Every economic crisis has made companies look inward and channelize energies into building compelling products and services. Spending will likely increase in strengthening the market presence and developing new solutions and not on discretionary projects.
Companies have always done a buy versus lease comparison to arrive at decisions. The cost of capital is no longer an issue, but the capital itself. Coworking spaces solve the problem of capital deployment. Innovative financial models will help both sides to appreciate the value it generates.
Office spaces will increasingly be looked at as an important, yet not a strategic investment. An enterprise is a cultural amalgamation of ideas and people. Coworking spaces will provide the necessary infrastructure that enterprises need to keep innovating.
3. Add on Services:
Access to high-speed internet and subscription model has ensured that communication tools are available to everyone. A few years back, video conferencing involved expensive equipment and exclusive setup. Today, simple apps on the mobile phone and computers have ensured that it is accessible anywhere, anytime.
Coworking spaces can look at partnerships with many such solution providers so that its members can have access to them without separate sign up. It will provide additional value to the members and, at the same time, provide new streams of revenues to them.

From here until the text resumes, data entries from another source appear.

lemma shifted_props: assumes j: "j < 2*i"
  shows "block_family (shifted gs j)" "finite (shifted gs j)" "card (shifted gs j) = map fst gs ! j"
    "parity_reversing (shifted gs j)" "crossings (shifted gs j) = crossings (snd (gs!j))"
proof -
  have g: "pairing (map fst gs ! j) (snd (gs!j))" "parity_reversing (snd (gs!j))"
    using gs_nth_PR[OF j] unfolding PR_def by auto
  have dbg: "block_family (snd (gs!j))" using g unfolding pairing_iff by simp
  have fing: "finite (snd (gs!j))" using pairing_finite[OF g(1)] .
  have inj: "inj_on (\<lambda>y. y + pos (Suc j)) (\<Union>(snd (gs!j)))" by (simp add: inj_on_def)
  have mono: "mono (\<lambda>y::nat. y + pos (Suc j))" by (simp add: mono_def)
  show "block_family (shifted gs j)" unfolding shifted_def by (rule block_family_image[OF dbg inj])
  show "finite (shifted gs j)" unfolding shifted_def using fing by simp
  have "inj (\<lambda>y::nat. y + pos (Suc j))" by (simp add: inj_def)
  then have "inj_on (image (\<lambda>y. y + pos (Suc j))) (snd (gs!j))" unfolding inj_on_def
    using inj_image_eq_iff by blast
  then show "card (shifted gs j) = map fst gs ! j" unfolding shifted_def
    using card_image pairing_card[OF g(1)] by metis
  show "parity_reversing (shifted gs j)" unfolding shifted_def
    by (rule parity_reversing_image[OF g(2), where e = "even (pos (Suc j))"]) simp
  show "crossings (shifted gs j) = crossings (snd (gs!j))" unfolding shifted_def
    by (rule crossings_image[OF mono inj dbg fing])
qed
lemma measure_mult_translation_energy_le:
  assumes f: "L2 \<mu> f" and F_nonneg: "\<And>x. F x \<ge> 0"
    and FD: "integrable \<mu> (\<lambda>v. F v * translation_energy f v)"
    and F_lower: "\<forall>x \<in> setpow U 2. F x \<ge> r" and "r > 0"
    and "0 \<in> U" and "U \<in> sets borel" and "emeasure \<mu> U < \<infinity>" and u: "u \<in> U"
  shows "measure \<mu> U * translation_energy f u \<le> 4 / r * (\<integral>v. F v * translation_energy f v \<partial>\<mu>)"
proof -
  let ?E = "\<lambda>v. F v * translation_energy f v"
  have in_setpow2: "a + b \<in> setpow U 2" if "a \<in> U" "b \<in> U" for a b
    using that by (auto simp: numeral_2_eq_2)
  have pointwise: "translation_energy f u * indicator U v \<le> 2 / r * ?E v + 2 / r * ?E (v + u)" for v
  proof (cases "v \<in> U")
    case True
    have "r \<le> F v" "r \<le> F (v + u)"
      using F_lower in_setpow2[OF True \<open>0 \<in> U\<close>] in_setpow2[OF True u] by auto
    then have "r * translation_energy f v \<le> ?E v" "r * translation_energy f (v + u) \<le> ?E (v + u)"
      using translation_energy_nonneg by (auto intro: mult_right_mono)
    moreover have "r * translation_energy f u \<le> r * (2 * translation_energy f v + 2 * translation_energy f (v + u))"
      using translation_energy_le_two_shifts[OF f, of u v] \<open>r > 0\<close> by simp
    ultimately have "r * translation_energy f u \<le> 2 * ?E v + 2 * ?E (v + u)"
      by (simp add: distrib_left)
    then show ?thesis
      using True \<open>r > 0\<close> by (simp add: field_simps)
  qed (use F_nonneg translation_energy_nonneg \<open>r > 0\<close> in simp)
  have "measure \<mu> U * translation_energy f u = (\<integral>v. translation_energy f u * indicator U v \<partial>\<mu>)"
    using assms by (simp add: measure_def ac_simps)
  also have "\<dots> \<le> (\<integral>v. 2 / r * ?E v + 2 / r * ?E (v + u) \<partial>\<mu>)"
    using assms integrable_translate_right[OF FD, of u] pointwise
    by (intro integral_mono integrable_mult_right integrable_real_indicator) (auto simp: sets_eq_borel)
  also have "\<dots> = 4 / r * (\<integral>v. ?E v \<partial>\<mu>)"
    using FD integrable_translate_right[OF FD, of u] integral_translate_right[OF FD, of u] by simp
  finally show ?thesis .
qed
section \<open>Aliasing: the entries of \<open>W\<close>\<close>

lemma fourier_fun_lattice_point:
  fixes zs :: "(int^'d) list"
  shows "fourier_fun vh (lattice_point zs ns k)
     = (\<Sum>\<^sub>\<infinity>h. vh h * e2pi (\<Sum>i<length ns. real_of_int (idot (zs!i) h) * real (digit ns k i) / real (ns!i)))"
proof -
  define X where "X j = (\<Sum>i<length ns. real_of_int ((zs!i)$j) * real (digit ns k i) / real (ns!i))" for j
  have phase: "(\<Sum>j\<in>UNIV. real_of_int (h$j) * (lattice_point zs ns k)$j)
      = (\<Sum>i<length ns. real_of_int (idot (zs!i) h) * real (digit ns k i) / real (ns!i))
        + real_of_int (- (\<Sum>j\<in>UNIV. h$j * \<lfloor>X j\<rfloor>))" for h :: "int^'d"
  proof -
    have "(\<Sum>j\<in>UNIV. real_of_int (h$j) * X j)
        = (\<Sum>i<length ns. real_of_int (idot (zs!i) h) * real (digit ns k i) / real (ns!i))"
      unfolding X_def idot_def
      by (simp add: sum_distrib_left sum_distrib_right sum_divide_distrib mult_ac sum.swap[of _ UNIV])
    then show ?thesis
      unfolding lattice_point_def X_def[symmetric] frac_def by (simp add: right_diff_distrib sum_subtractf)
  qed
  show ?thesis
    unfolding fourier_fun_def e2pi_def[symmetric] phase e2pi_add e2pi_of_int by simp
qed

lemma has_sum_sum:
  fixes f :: "'k \<Rightarrow> 'a \<Rightarrow> 'b::topological_comm_monoid_add"
  shows "finite K \<Longrightarrow> (\<And>k. k \<in> K \<Longrightarrow> (f k has_sum s k) A) \<Longrightarrow>
    ((\<lambda>x. \<Sum>k\<in>K. f k x) has_sum (\<Sum>k\<in>K. s k)) A"
  by (induction K rule: finite_induct) (auto intro!: has_sum_add)

lemma sum_fourier_fun_lattice_point_e2pi:
  fixes vh :: "int^'d \<Rightarrow> complex"
  assumes pos: "moduli_pos ns" and vs: "(\<lambda>h. norm (vh h)) summable_on UNIV"
  shows "(\<Sum>k<npts ns. fourier_fun vh (lattice_point zs ns k) *
            e2pi (\<Sum>i<length ns. real_of_int (b i) * real (digit ns k i) / real (ns!i)))
         = of_nat (npts ns) * infsum vh {h. \<forall>i<length ns. int (ns!i) dvd idot (zs!i) h + b i}"
proof -
  let ?S = "{h. \<forall>i<length ns. int (ns!i) dvd idot (zs!i) h + b i}"
  define a where "a h i = idot (zs!i) h + b i" for h i
  define E where "E h k = e2pi (\<Sum>i<length ns. real_of_int (a h i) * real (digit ns k i) / real (ns!i))" for h k
  have summable: "(\<lambda>h. vh h * c h) summable_on UNIV" if "\<And>h. norm (c h) \<le> 1" for c :: "int^'d \<Rightarrow> complex"
    by (rule abs_summable_summable, rule summable_on_comparison_test[OF vs])
       (use that in \<open>auto simp: norm_mult intro: mult_left_le\<close>)
  have summand: "fourier_fun vh (lattice_point zs ns k) *
          e2pi (\<Sum>i<length ns. real_of_int (b i) * real (digit ns k i) / real (ns!i))
        = (\<Sum>\<^sub>\<infinity>h. vh h * E h k)" for k
    unfolding fourier_fun_lattice_point
    by (subst infsum_cmult_left[symmetric], rule summable)
       (simp_all add: E_def a_def mult.assoc e2pi_add[symmetric] sum.distrib[symmetric] add_divide_distrib distrib_right)
  have "(\<Sum>k<npts ns. fourier_fun vh (lattice_point zs ns k) *
            e2pi (\<Sum>i<length ns. real_of_int (b i) * real (digit ns k i) / real (ns!i)))
      = (\<Sum>k<npts ns. \<Sum>\<^sub>\<infinity>h. vh h * E h k)"
    by (simp only: summand)
  also have "(\<Sum>k<npts ns. \<Sum>\<^sub>\<infinity>h. vh h * E h k) = (\<Sum>\<^sub>\<infinity>h. \<Sum>k<npts ns. vh h * E h k)"
    by (rule infsumI [symmetric], rule has_sum_sum) (auto intro!: has_sum_infsum summable simp: E_def)
  also have "\<dots> = (\<Sum>\<^sub>\<infinity>h. of_nat (npts ns) * (if h \<in> ?S then vh h else 0))"
    unfolding E_def sum_distrib_left[symmetric] sum_e2pi_digits[OF pos] by (intro infsum_cong) (auto simp: a_def)
  also have "\<dots> = of_nat (npts ns) * infsum vh ?S"
  proof -
    have "(\<lambda>h. if h \<in> ?S then vh h else 0) summable_on UNIV"
      by (rule abs_summable_summable, rule summable_on_comparison_test[OF vs]) auto
    moreover have "infsum (\<lambda>h. if h \<in> ?S then vh h else 0) UNIV = infsum vh ?S"
      by (rule infsum_cong_neutral) auto
    ultimately show ?thesis by (simp add: infsum_cmult_right)
  qed
  finally show ?thesis .
qed

definition alias_class :: "(int^'d) list \<Rightarrow> nat list \<Rightarrow> nat \<Rightarrow> nat \<Rightarrow> (int^'d) set" where
  "alias_class zs ns c c' =
     {h. \<forall>i<length ns. [idot (zs!i) h = int (digit ns c i) - int (digit ns c' i)] (mod int (ns!i))}"

lemma W_mat_entry:
  fixes vh :: "int^'d \<Rightarrow> complex"
  assumes pos: "moduli_pos ns" and cc: "c < npts ns" "c' < npts ns"
    and vs: "(\<lambda>h. norm (vh h)) summable_on UNIV"
  shows "W_mat zs ns vh $$ (c,c') = infsum vh (alias_class zs ns c c')"
proof -
  define b where "b i = int (digit ns c' i) - int (digit ns c i)" for i
  have "digit_phase ns c' k - digit_phase ns c k
      = (\<Sum>i<length ns. real_of_int (b i) * real (digit ns k i) / real (ns!i))" for k
    unfolding digit_phase_def b_def by (simp add: sum_subtractf[symmetric] diff_divide_distrib left_diff_distrib)
  moreover have "{h. \<forall>i<length ns. int (ns!i) dvd idot (zs!i) h + b i} = alias_class zs ns c c'"
    unfolding alias_class_def b_def by (simp add: cong_iff_dvd_diff algebra_simps)
  ultimately show ?thesis
    unfolding W_mat_def V_mat_def mat_inv_F_mat[OF pos] F_mat_diag_F_adj_entry[OF pos cc]
    using sum_fourier_fun_lattice_point_e2pi[OF pos vs, of zs b] npts_pos[OF pos] by simp
qed

section \<open>Summability from the Korobov condition\<close>

lemma summable_on_one_plus_nat_powr:
  assumes "p > 1"
  shows "(\<lambda>n::nat. (1 + real n) powr (-p)) summable_on UNIV"
proof -
  have "summable (\<lambda>n. real n powr (-p))" using summable_real_powr_iff assms by simp
  then have "summable (\<lambda>n. (1 + real n) powr (-p))"
    using summable_Suc_iff[of "\<lambda>n. real n powr (-p)"] by (simp add: add.commute)
  then show ?thesis by (subst summable_on_UNIV_nonneg_real_iff) auto
qed

lemma summable_on_one_plus_abs_int_powr:
  assumes "p > 1"
  shows "(\<lambda>t::int. (1 + real_of_int \<bar>t\<bar>) powr (-p)) summable_on UNIV"
proof -
  let ?f = "\<lambda>t::int. (1 + real_of_int \<bar>t\<bar>) powr (-p)"
  have "?f summable_on range int" "?f summable_on range (\<lambda>n. - int n)"
    by (subst summable_on_reindex; use summable_on_one_plus_nat_powr[OF assms] in \<open>simp add: inj_on_def o_def\<close>)+
  then have "?f summable_on (range int \<union> range (\<lambda>n. - int n))"
    by (rule summable_on_union)
  moreover have "t \<in> range int \<union> range (\<lambda>n. - int n)" for t :: int
    by (cases t rule: int_cases2) auto
  ultimately show ?thesis
    by (metis UNIV_eq_I)
qed

definition korobov_weight :: "real \<Rightarrow> int^'d \<Rightarrow> real" where
  "korobov_weight \<alpha> h = (\<Prod>j\<in>UNIV. max (\<bar>real_of_int (h$j)\<bar> powr (2*\<alpha>)) 1)"

definition korobov_ratio :: "nat \<Rightarrow> real \<Rightarrow> int \<Rightarrow> real" where
  "korobov_ratio q \<alpha> t = (1 + 2 * (real_of_int t)\<^sup>2)^q / max (\<bar>real_of_int t\<bar> powr (2*\<alpha>)) 1"

lemma korobov_weight_pos: "korobov_weight \<alpha> h > 0"
  unfolding korobov_weight_def by (intro prod_pos) auto

lemma korobov_ratio_nonneg: "korobov_ratio q \<alpha> t \<ge> 0"
  unfolding korobov_ratio_def by (intro divide_nonneg_pos) auto

lemma korobov_ratio_le:
  assumes "\<alpha> > 0"
  shows "korobov_ratio q \<alpha> t \<le> 2^q * 2 powr (2*\<alpha>) * (1 + real_of_int \<bar>t\<bar>) powr (-(2*\<alpha> - 2 * real q))"
proof -
  define a where "a = 1 + \<bar>real_of_int t\<bar>"
  have a1: "a \<ge> 1" unfolding a_def by simp
  have "1 + 2 * (real_of_int t)\<^sup>2 \<le> 2 * a\<^sup>2"
    unfolding a_def by (simp add: power2_eq_square algebra_simps)
  then have "(1 + 2 * (real_of_int t)\<^sup>2)^q \<le> (2 * a\<^sup>2)^q"
    by (intro power_mono) auto
  also have "\<dots> = 2^q * a powr (2 * real q)"
    using a1 powr_realpow[of a "2*q"] by (simp add: power_mult_distrib power_mult[symmetric])
  finally have num: "(1 + 2 * (real_of_int t)\<^sup>2)^q \<le> 2^q * a powr (2 * real q)" .
  have den: "(a/2) powr (2*\<alpha>) \<le> max (\<bar>real_of_int t\<bar> powr (2*\<alpha>)) 1"
  proof (cases "t = 0")
    case True
    then show ?thesis using assms by (simp add: a_def powr_le1)
  next
    case False
    then have "\<bar>real_of_int t\<bar> \<ge> 1" by linarith
    then have "a/2 \<le> \<bar>real_of_int t\<bar>" unfolding a_def by simp
    then show ?thesis using a1 assms by (simp add: powr_mono2 le_max_iff_disj)
  qed
  have "korobov_ratio q \<alpha> t \<le> 2^q * a powr (2 * real q) / (a/2) powr (2*\<alpha>)"
    unfolding korobov_ratio_def by (rule frac_le) (use num den a1 in auto)
  also have "\<dots> = 2^q * 2 powr (2*\<alpha>) * a powr (-(2*\<alpha> - 2 * real q))"
    using a1 by (simp add: powr_divide powr_diff powr_minus_divide field_simps)
  finally show ?thesis unfolding a_def by simp
qed

lemma summable_on_korobov_ratio:
  assumes "2*\<alpha> - 2 * real q > 1"
  shows "korobov_ratio q \<alpha> summable_on UNIV"
proof (rule summable_on_comparison_test)
  show "(\<lambda>t. 2^q * 2 powr (2*\<alpha>) * (1 + real_of_int \<bar>t\<bar>) powr (-(2*\<alpha> - 2 * real q))) summable_on UNIV"
    by (intro summable_on_cmult_right summable_on_one_plus_abs_int_powr assms)
  show "korobov_ratio q \<alpha> t \<le> 2^q * 2 powr (2*\<alpha>) * (1 + real_of_int \<bar>t\<bar>) powr (-(2*\<alpha> - 2 * real q))" for t
    using korobov_ratio_le[of \<alpha> q t] assms by simp
qed (rule korobov_ratio_nonneg)
lemma paths_exchange_base_induced:
  fixes P :: "'i::wellorder \<Rightarrow> 'a list"
  assumes B: "base E M B"
    and paths: "\<forall>\<alpha><xi. distinct (P \<alpha>) \<and> (\<forall>a. \<not> shortcut (Dig E M B) (P \<alpha>) a)"
    and disj: "\<forall>\<alpha><xi. \<forall>\<beta><\<alpha>. \<forall>e f. (e, f) \<in> arcs (P \<beta>) \<inter> Dig E M B
                 \<longrightarrow> set (P \<alpha>) \<inter> fcirc E M e B = {}"
    and U: "\<forall>\<alpha><xi. \<forall>e f. (e, f) \<in> arcs (P \<alpha>) \<inter> Dig E M B \<longrightarrow> fcirc E M e B \<subseteq> U"
  defines "A \<equiv> \<Union>\<alpha>\<in>{..<xi}. arcs (P \<alpha>)"
  defines "B' \<equiv> (B \<union> {e. \<exists>f. (e, f) \<in> A \<inter> Dig E M B}) - {f. \<exists>e. (e, f) \<in> A \<inter> Dig E M B}"
  shows "base E M B' \<and> induced (Dig E M B') (E - U) = induced (Dig E M B) (E - U)"
proof -
  define K where
    "K = {(\<alpha>, i). \<alpha> < xi \<and> Suc i < length (P \<alpha>) \<and> (P \<alpha> ! i, P \<alpha> ! Suc i) \<in> Dig E M B}"
  define t where "t = (\<lambda>(\<alpha>, i). P \<alpha> ! i)"
  define h where "h = (\<lambda>(\<alpha>, i). P \<alpha> ! Suc i)"
  have T: "triangular_exchange E M B K t h"
    using paths_triangular_exchange[OF B paths disj] unfolding K_def t_def h_def .
  have arc: "(e, f) \<in> A \<inter> Dig E M B \<longleftrightarrow> (\<exists>k\<in>K. e = t k \<and> f = h k)" for e f
    by (auto simp: A_def K_def t_def h_def mem_arcs_iff)
  then have "B' = exchanged B K t h" unfolding B'_def exchanged_def by blast
  moreover have "\<forall>k\<in>K. fcirc E M (t k) B \<subseteq> U" using U arc unfolding A_def by blast
  ultimately show ?thesis
    using triangular_exchange_base[OF B T] triangular_exchange_induced_Dig[OF B T] by simp
qed

lemma paths_exchange_base_induced_converse:
  fixes P :: "'i::wellorder \<Rightarrow> 'a list"
  assumes B: "base E M B"
    and paths: "\<forall>\<alpha><xi. distinct (P \<alpha>) \<and> (\<forall>a. \<not> shortcut ((Dig E M B)\<inverse>) (P \<alpha>) a)"
    and disj: "\<forall>\<alpha><xi. \<forall>\<beta><\<alpha>. \<forall>e f. (e, f) \<in> arcs (P \<beta>) \<inter> (Dig E M B)\<inverse>
                 \<longrightarrow> set (P \<alpha>) \<inter> fcirc E M f B = {}"
    and U: "\<forall>\<alpha><xi. \<forall>e f. (e, f) \<in> arcs (P \<alpha>) \<inter> (Dig E M B)\<inverse> \<longrightarrow> fcirc E M f B \<subseteq> U"
  defines "A \<equiv> \<Union>\<alpha>\<in>{..<xi}. arcs (P \<alpha>)"
  defines "B' \<equiv> (B \<union> {f. \<exists>e. (e, f) \<in> A \<inter> (Dig E M B)\<inverse>}) - {e. \<exists>f. (e, f) \<in> A \<inter> (Dig E M B)\<inverse>}"
  shows "base E M B' \<and> induced (Dig E M B') (E - U) = induced (Dig E M B) (E - U)"
proof -
  have "(\<Union>\<alpha>\<in>{..<xi}. arcs (rev (P \<alpha>))) = A\<inverse>" unfolding A_def arcs_rev by blast
  then have "B' = (B \<union> {e. \<exists>f. (e, f) \<in> (\<Union>\<alpha>\<in>{..<xi}. arcs (rev (P \<alpha>))) \<inter> Dig E M B})
                 - {f. \<exists>e. (e, f) \<in> (\<Union>\<alpha>\<in>{..<xi}. arcs (rev (P \<alpha>))) \<inter> Dig E M B}"
    unfolding B'_def by blast
  moreover have "base E M \<dots> \<and> induced (Dig E M \<dots>) (E - U) = induced (Dig E M B) (E - U)"
  proof (rule paths_exchange_base_induced[OF B])
    show "\<forall>\<alpha><xi. distinct (rev (P \<alpha>)) \<and> (\<forall>a. \<not> shortcut (Dig E M B) (rev (P \<alpha>)) a)"
      using paths shortcut_rev by fastforce
    show "\<forall>\<alpha><xi. \<forall>\<beta><\<alpha>. \<forall>e f. (e, f) \<in> arcs (rev (P \<beta>)) \<inter> Dig E M B
            \<longrightarrow> set (rev (P \<alpha>)) \<inter> fcirc E M e B = {}"
      using disj unfolding arcs_rev by auto
    show "\<forall>\<alpha><xi. \<forall>e f. (e, f) \<in> arcs (rev (P \<alpha>)) \<inter> Dig E M B \<longrightarrow> fcirc E M e B \<subseteq> U"
      using U unfolding arcs_rev by auto
  qed
  ultimately show ?thesis by simp
qed

end

theorem lemma3p7:
  fixes E :: "'a set" and M N :: "'a set \<Rightarrow> bool" and BM BN :: "'a set"
    and P :: "'i::wellorder \<Rightarrow> 'a list" and xi :: "'i"
  assumes "finitary_matroid E M" and "finitary_matroid E N"
    and "base E M BM" and "base E N BN"
    and paths: "\<forall>\<alpha><xi. is_path (Db E M N BM BN) (P \<alpha>)
                   \<and> (\<forall>a. \<not> shortcut (Db E M N BM BN) (P \<alpha>) a)"
    and disj: "\<forall>\<alpha><xi. \<forall>\<beta><\<alpha>. \<forall>a\<in>arcs (P \<beta>). \<forall>C\<in>escorts E M N BM BN a.
                   set (P \<alpha>) \<inter> C = {}"
  defines "BMxi \<equiv> (BM \<union> {e. \<exists>f. (e,f) \<in> (\<Union>\<alpha>\<in>{..<xi}. arcs (P \<alpha>)) \<inter> Dig E M BM})
                  - {f. \<exists>e. (e,f) \<in> (\<Union>\<alpha>\<in>{..<xi}. arcs (P \<alpha>)) \<inter> Dig E M BM}"
    and "BNxi \<equiv> (BN \<union> {f. \<exists>e. (e,f) \<in> (\<Union>\<alpha>\<in>{..<xi}. arcs (P \<alpha>)) \<inter> (Dig E N BN)\<inverse>})
                  - {e. \<exists>f. (e,f) \<in> (\<Union>\<alpha>\<in>{..<xi}. arcs (P \<alpha>)) \<inter> (Dig E N BN)\<inverse>}"
    and "U \<equiv> (\<Union>\<alpha>\<in>{..<xi}. \<Union>a\<in>arcs (P \<alpha>). \<Union>(escorts E M N BM BN a))"
  shows "base E M BMxi \<and> base E N BNxi
         \<and> induced (Dig E M BMxi) (E - U) = induced (Dig E M BM) (E - U)
         \<and> induced (Dig E N BNxi) (E - U) = induced (Dig E N BN) (E - U)"
proof -
  interpret M: fin_matroid E M using assms(1) by unfold_locales
  interpret N: fin_matroid E N using assms(2) by unfold_locales
  have Db: "Dig E M BM \<subseteq> Db E M N BM BN" "(Dig E N BN)\<inverse> \<subseteq> Db E M N BM BN"
    unfolding Db_def by blast+
  have escort_M: "fcirc E M e BM \<in> escorts E M N BM BN (e, f)" if "(e, f) \<in> Dig E M BM" for e f
    using that unfolding escorts_def by auto
  have escort_N: "fcirc E N f BN \<in> escorts E M N BM BN (e, f)" if "(e, f) \<in> (Dig E N BN)\<inverse>" for e f
    using that unfolding escorts_def by auto
  have dist: "\<forall>\<alpha><xi. distinct (P \<alpha>)" using paths unfolding is_path_def by blast
  have "base E M BMxi \<and> induced (Dig E M BMxi) (E - U) = induced (Dig E M BM) (E - U)"
    unfolding BMxi_def
  proof (rule M.paths_exchange_base_induced[OF assms(3)])
    show "\<forall>\<alpha><xi. distinct (P \<alpha>) \<and> (\<forall>a. \<not> shortcut (Dig E M BM) (P \<alpha>) a)"
      using dist paths shortcut_mono[OF Db(1)] by blast
    show "\<forall>\<alpha><xi. \<forall>\<beta><\<alpha>. \<forall>e f. (e, f) \<in> arcs (P \<beta>) \<inter> Dig E M BM
            \<longrightarrow> set (P \<alpha>) \<inter> fcirc E M e BM = {}"
      using disj escort_M by blast
    show "\<forall>\<alpha><xi. \<forall>e f. (e, f) \<in> arcs (P \<alpha>) \<inter> Dig E M BM \<longrightarrow> fcirc E M e BM \<subseteq> U"
      unfolding U_def using escort_M by blast
  qed
  moreover have "base E N BNxi \<and> induced (Dig E N BNxi) (E - U) = induced (Dig E N BN) (E - U)"
    unfolding BNxi_def
  proof (rule N.paths_exchange_base_induced_converse[OF assms(4)])
    show "\<forall>\<alpha><xi. distinct (P \<alpha>) \<and> (\<forall>a. \<not> shortcut ((Dig E N BN)\<inverse>) (P \<alpha>) a)"
      using dist paths shortcut_mono[OF Db(2)] by blast
    show "\<forall>\<alpha><xi. \<forall>\<beta><\<alpha>. \<forall>e f. (e, f) \<in> arcs (P \<beta>) \<inter> (Dig E N BN)\<inverse>
            \<longrightarrow> set (P \<alpha>) \<inter> fcirc E N f BN = {}"
      using disj escort_N by blast
    show "\<forall>\<alpha><xi. \<forall>e f. (e, f) \<in> arcs (P \<alpha>) \<inter> (Dig E N BN)\<inverse> \<longrightarrow> fcirc E N f BN \<subseteq> U"
      unfolding U_def using escort_N by blast
  qed
  ultimately show ?thesis by blast
qed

The coworking industry has evolved from being a business that was focused only on startups and young enterprises. As corporates have increasingly become members of coworking spaces, the offerings have also changed. It is no longer a business of real estate arbitrage and shared offices. Quality of services rendered and the ability to engage the users continuously have emerged as crucial differentiators.
In a short time, the industry has faced many challenges – rise and fall of funding and valuation, scrutiny of its business models, the ability to retain members, and more. The Covid19 pandemic is the latest of them.
Membership cancellations and the prospect of dwindling revenues, cashflows and, vacant inventory loom large and immediate solutions. In the short term, people working from these shared office spaces will experience a drop. Beyond this, challenges emanate from infrastructure design, member behavioral changes, and from its business model.
Operators will have to formulate strategies that can overcome these new challenges quickly.
As businesses recover from the coronavirus, it also provides new opportunities for the coworking spaces – as players providing business continuity solutions, decentralized offices, and many more. Coworking spaces will also become the preferred choice for many corporates that opt to conserve cash. Such business opportunities may not be on the horizon immediately, but tackling the current challenges will undoubtedly place them well to take advantage of it in due course.